Both ChatGPT and InstructGPT share pretty much the same training process, except the human feedback is more conversational-oriented for ChatGPT. That is, human feedback is given in such a way that it is tweaked for conversations.
Limitations
Among minor issues like guessing what the user intended instead of asking for clarity in the question, ChatGPT has some important limitations that need attention. The first of them is False information. ChatGPT is capable of producing false information in the most plausible way, if you don’t know the ground truth for a particular question, then you’re most probably not going to realize that you’ve been given a wrong answer. Next, ChatGPT is talkative! It is very happy to give lengthy answers to even the most basic questions unless you ask it not to give you such long answers. Like other generative models such as Dall-E, ChatGPT is also sensitive to input prompt phrasing and biased behavior.
Our Thoughts
While ChatGPT definitely has the potential to replace jobs, we feel it’s not quite there yet. ChatGPT, as it stands, is not trustworthy. There have been instances where ChatGPT has produced perfectly coherent and plausible answers that are actually wrong! Building trust around an ML model is something that we practice at Attri, we often integrate our blueprints with an Observability platform (censius) that explains and monitors the model’s performance and decisions, helping organizations interpret the models better.

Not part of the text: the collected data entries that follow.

(* Let $\epsilon\ge0$ and consider the eigenvalue problem $$L_0\Psi=\Phi,\qquad \Phi'+\frac{\epsilon}{1-x^2}\Phi=\mu\,\Psi',\qquad -1<x<1,$$ for $\Psi$ in the space $X$. If $0\le\epsilon<2$, the complete spectrum consists of simple isolated eigenvalues $\mu=\mu_n=-n(n+1)$, $n=0,1,2,\dots$. If $\epsilon\ge2$, the problem has no nonzero eigenvalues in $X$.
   Context: $L_0=\frac{d}{dx}\left[(1-x^2)\frac{d}{dx}\right]$. ${\cal H}_0([-1,1])$ is the space of functions with $\int_{-1}^{1}(1-x^2)|\Psi'(x)|^2dx<\infty$, and $X=\{\Psi\in{\cal H}_0([-1,1]):\ \lim_{x\to\pm1}(1-x^2)\Psi'(x)=0\}$. $\Psi$ is determined up to an additive constant (constants give the eigenvalue $\mu=0$). A number $\mu\in\mathbb{C}$ is an eigenvalue if there is a nonzero $\Psi\in X$ solving the system classically on $(-1,1)$ with $\Phi=L_0\Psi$. *)

theory Defs
  imports "HOL-Analysis.Analysis"
begin

text \<open>Psi is complex valued on (-1,1); dPsi is its derivative on (-1,1).
  Membership in X: finite weighted Dirichlet integral and vanishing flux at both ends.\<close>
definition in_X :: "(real \<Rightarrow> complex) \<Rightarrow> bool" where
  "in_X dPsi \<longleftrightarrow>
     (\<lambda>x. (1 - x\<^sup>2) * (cmod (dPsi x))\<^sup>2) integrable_on {-1<..<1::real} \<and>
     ((\<lambda>x. complex_of_real (1 - x\<^sup>2) * dPsi x) \<longlongrightarrow> 0) (at_right (-1)) \<and>
     ((\<lambda>x. complex_of_real (1 - x\<^sup>2) * dPsi x) \<longlongrightarrow> 0) (at_left 1)"

definition solves :: "real \<Rightarrow> complex \<Rightarrow> (real \<Rightarrow> complex) \<Rightarrow> bool" where
  "solves \<epsilon> \<mu> Psi \<longleftrightarrow>
     (\<exists>dPsi Phi dPhi.
        in_X dPsi \<and>
        (\<forall>x\<in>{-1<..<1::real}.
           (Psi has_vector_derivative dPsi x) (at x) \<and>
           ((\<lambda>t. complex_of_real (1 - t\<^sup>2) * dPsi t) has_vector_derivative Phi x) (at x) \<and>
           (Phi has_vector_derivative dPhi x) (at x) \<and>
           dPhi x + complex_of_real (\<epsilon> / (1 - x\<^sup>2)) * Phi x = \<mu> * dPsi x))"

text \<open>Psi is nonzero modulo additive constants.\<close>
definition nonconstant :: "(real \<Rightarrow> complex) \<Rightarrow> bool" where
  "nonconstant Psi \<longleftrightarrow> \<not> (\<exists>c. \<forall>x\<in>{-1<..<1::real}. Psi x = c)"

text \<open>Eigenvalue: by the paper's convention the constants give mu = 0; any other mu
  is an eigenvalue iff it has an eigenfunction that is nonzero modulo constants.\<close>
definition eigenvalue :: "real \<Rightarrow> complex \<Rightarrow> bool" where
  "eigenvalue \<epsilon> \<mu> \<longleftrightarrow> \<mu> = 0 \<or> (\<exists>Psi. solves \<epsilon> \<mu> Psi \<and> nonconstant Psi)"

end

theory Submission
  imports Defs "HOL-Computational_Algebra.Polynomial"
begin

text \<open>Write w = (1 - x^2) Psi'. Then w' = Phi, the system becomes
  (1 - x^2) w'' + eps w' = mu w on (-1,1), and membership in X forces w -> 0 at both ends.
  With the integrating factor p = ((1 + x)/(1 - x))^(eps/2) the equation reads
  (p w')' = mu p w / (1 - x^2).

  For eps < 2 this first-order form shows that also (1 - x^2) w' -> 0 at both ends, so w can be
  integrated by parts against polynomials: the moments m_j of w satisfy
  (mu + (j+1)(j+2)) m_j + eps j m_(j-1) - j(j-1) m_(j-2) = 0.  Unless mu = -(k+1)(k+2) = -n(n+1)
  with n = k + 1, all moments vanish, hence w = 0 by Weierstrass approximation; for such mu the
  single moment m_k determines w, which gives simplicity.  Conversely
  w = (1 + x)^(1-eps/2) (1 - x)^(1+eps/2) V with V a polynomial of degree k is an eigenfunction,
  and w/(1 - x^2) lies in X exactly because eps < 2.

  For eps >= 2, 1/p >= 1/(1 + x) is not integrable at -1: if p w' were large at some point r, it
  would stay nearly constant on (-1, r] and w would grow like ln (1 + x), contradicting w -> 0.
  This bounds w' by a multiple of the supremum of w to its left, and a Gronwall argument starting
  from w(-1) = 0 gives w = 0.\<close>


section \<open>Analysis on an interval\<close>

lemma norm_diff_le_of_derivative_bound:
  fixes f :: "real \<Rightarrow> 'a::banach"
  assumes "a \<le> b"
    and f': "\<And>x. x \<in> {a..b} \<Longrightarrow> (f has_vector_derivative f' x) (at x)"
    and g': "\<And>x. x \<in> {a..b} \<Longrightarrow> (g has_real_derivative g' x) (at x)"
    and le: "\<And>x. x \<in> {a..b} \<Longrightarrow> norm (f' x) \<le> g' x"
  shows "norm (f b - f a) \<le> g b - g a"
proof -
  have f: "(f' has_integral (f b - f a)) {a..b}"
    by (rule fundamental_theorem_of_calculus[OF \<open>a \<le> b\<close>])
       (use f' has_vector_derivative_at_within in blast)
  have g: "(g' has_integral (g b - g a)) {a..b}"
    by (rule fundamental_theorem_of_calculus[OF \<open>a \<le> b\<close>])
       (use g' has_real_derivative_iff_has_vector_derivative
           has_vector_derivative_at_within in blast)
  have "norm (integral {a..b} f') \<le> integral {a..b} g'"
    by (rule integral_norm_bound_integral) (use f g le in auto)
  then show ?thesis using f g by (simp add: integral_unique)
qed

lemma continuous_on_Icc_extension:
  fixes f :: "real \<Rightarrow> 'a::topological_space"
  assumes "a < b" and f: "continuous_on {a<..<b} f"
    and A: "(f \<longlongrightarrow> A) (at_right a)" and B: "(f \<longlongrightarrow> B) (at_left b)"
  shows "continuous_on {a..b} (\<lambda>x. if x = a then A else if x = b then B else f x)"
    (is "continuous_on _ ?g")
proof (unfold continuous_on_eq_continuous_within, intro ballI)
  fix x assume "x \<in> {a..b}"
  then consider "x = a" | "x = b" | "x \<in> {a<..<b}" by fastforce
  then show "continuous (at x within {a..b}) ?g"
  proof cases
    case 1
    have "(?g \<longlongrightarrow> A) (at_right a)"
      using A by (rule Lim_transform_eventually)
        (use \<open>a < b\<close> in \<open>auto simp: eventually_at_right_field intro: exI[of _ b]\<close>)
    then show ?thesis using 1 \<open>a < b\<close> by (simp add: continuous_within at_within_Icc_at_right)
  next
    case 2
    have "(?g \<longlongrightarrow> B) (at_left b)"
      using B by (rule Lim_transform_eventually)
        (use \<open>a < b\<close> in \<open>auto simp: eventually_at_left_field intro: exI[of _ a]\<close>)
    then show ?thesis using 2 \<open>a < b\<close> by (simp add: continuous_within at_within_Icc_at_left)
  next
    case 3
    have "(f \<longlongrightarrow> ?g x) (at x)"
      using continuous_on_interior[OF f] 3 by (simp add: isCont_def)
    then have "(?g \<longlongrightarrow> ?g x) (at x)"
      by (rule Lim_transform_within_open[of _ _ _ _ "{a<..<b}"]) (use 3 in auto)
    then show ?thesis by (simp add: isCont_def continuous_at_imp_continuous_at_within)
  qed
qed

lemma has_integral_of_tendsto_endpoints:
  fixes G :: "real \<Rightarrow> 'a::banach"
  assumes "a < b" and G': "\<And>x. x \<in> {a<..<b} \<Longrightarrow> (G has_vector_derivative g x) (at x)"
    and A: "(G \<longlongrightarrow> A) (at_right a)" and B: "(G \<longlongrightarrow> B) (at_left b)"
  shows "(g has_integral B - A) {a..b}"
proof -
  let ?H = "\<lambda>x. if x = a then A else if x = b then B else G x"
  have "continuous_on {a<..<b} G"
    using G' by (meson continuous_at_imp_continuous_on has_vector_derivative_continuous)
  then have "continuous_on {a..b} ?H" by (rule continuous_on_Icc_extension[OF \<open>a < b\<close> _ A B])
  moreover have "(?H has_vector_derivative g x) (at x)" if "x \<in> {a<..<b}" for x
    using G'[OF that] by (rule has_vector_derivative_transform_within_open[of _ _ _ "{a<..<b}"])
      (use that in auto)
  ultimately have "(g has_integral ?H b - ?H a) {a..b}"
    using \<open>a < b\<close> by (intro fundamental_theorem_of_calculus_interior) auto
  then show ?thesis using \<open>a < b\<close> by simp
qed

ChatGPT explaining why an Abacus is faster than a GPU!
On the brighter side, while ChatGPT might not give you an output that is a 100% fit to the requirements, it is perfectly capable of giving you a first draft that could be used as a starting point to build on top of. This shoots up productivity which is indeed a positive takeaway. Another noteworthy observation is the effort OpenAI is putting in to make ChatGPT safe for everyone. Since LLMs are trained on large corpuses from the internet it is very easy for the model to learn racial and gender biases, and forbidden knowledge. OpenAI apparently, is constantly working behind the scenes to make models safe for everyone.
While creative people did find a way to bypass these safety measures, because the prompts are constantly monitored, the future iterations of the models can be expected to operate with more caution than they are today.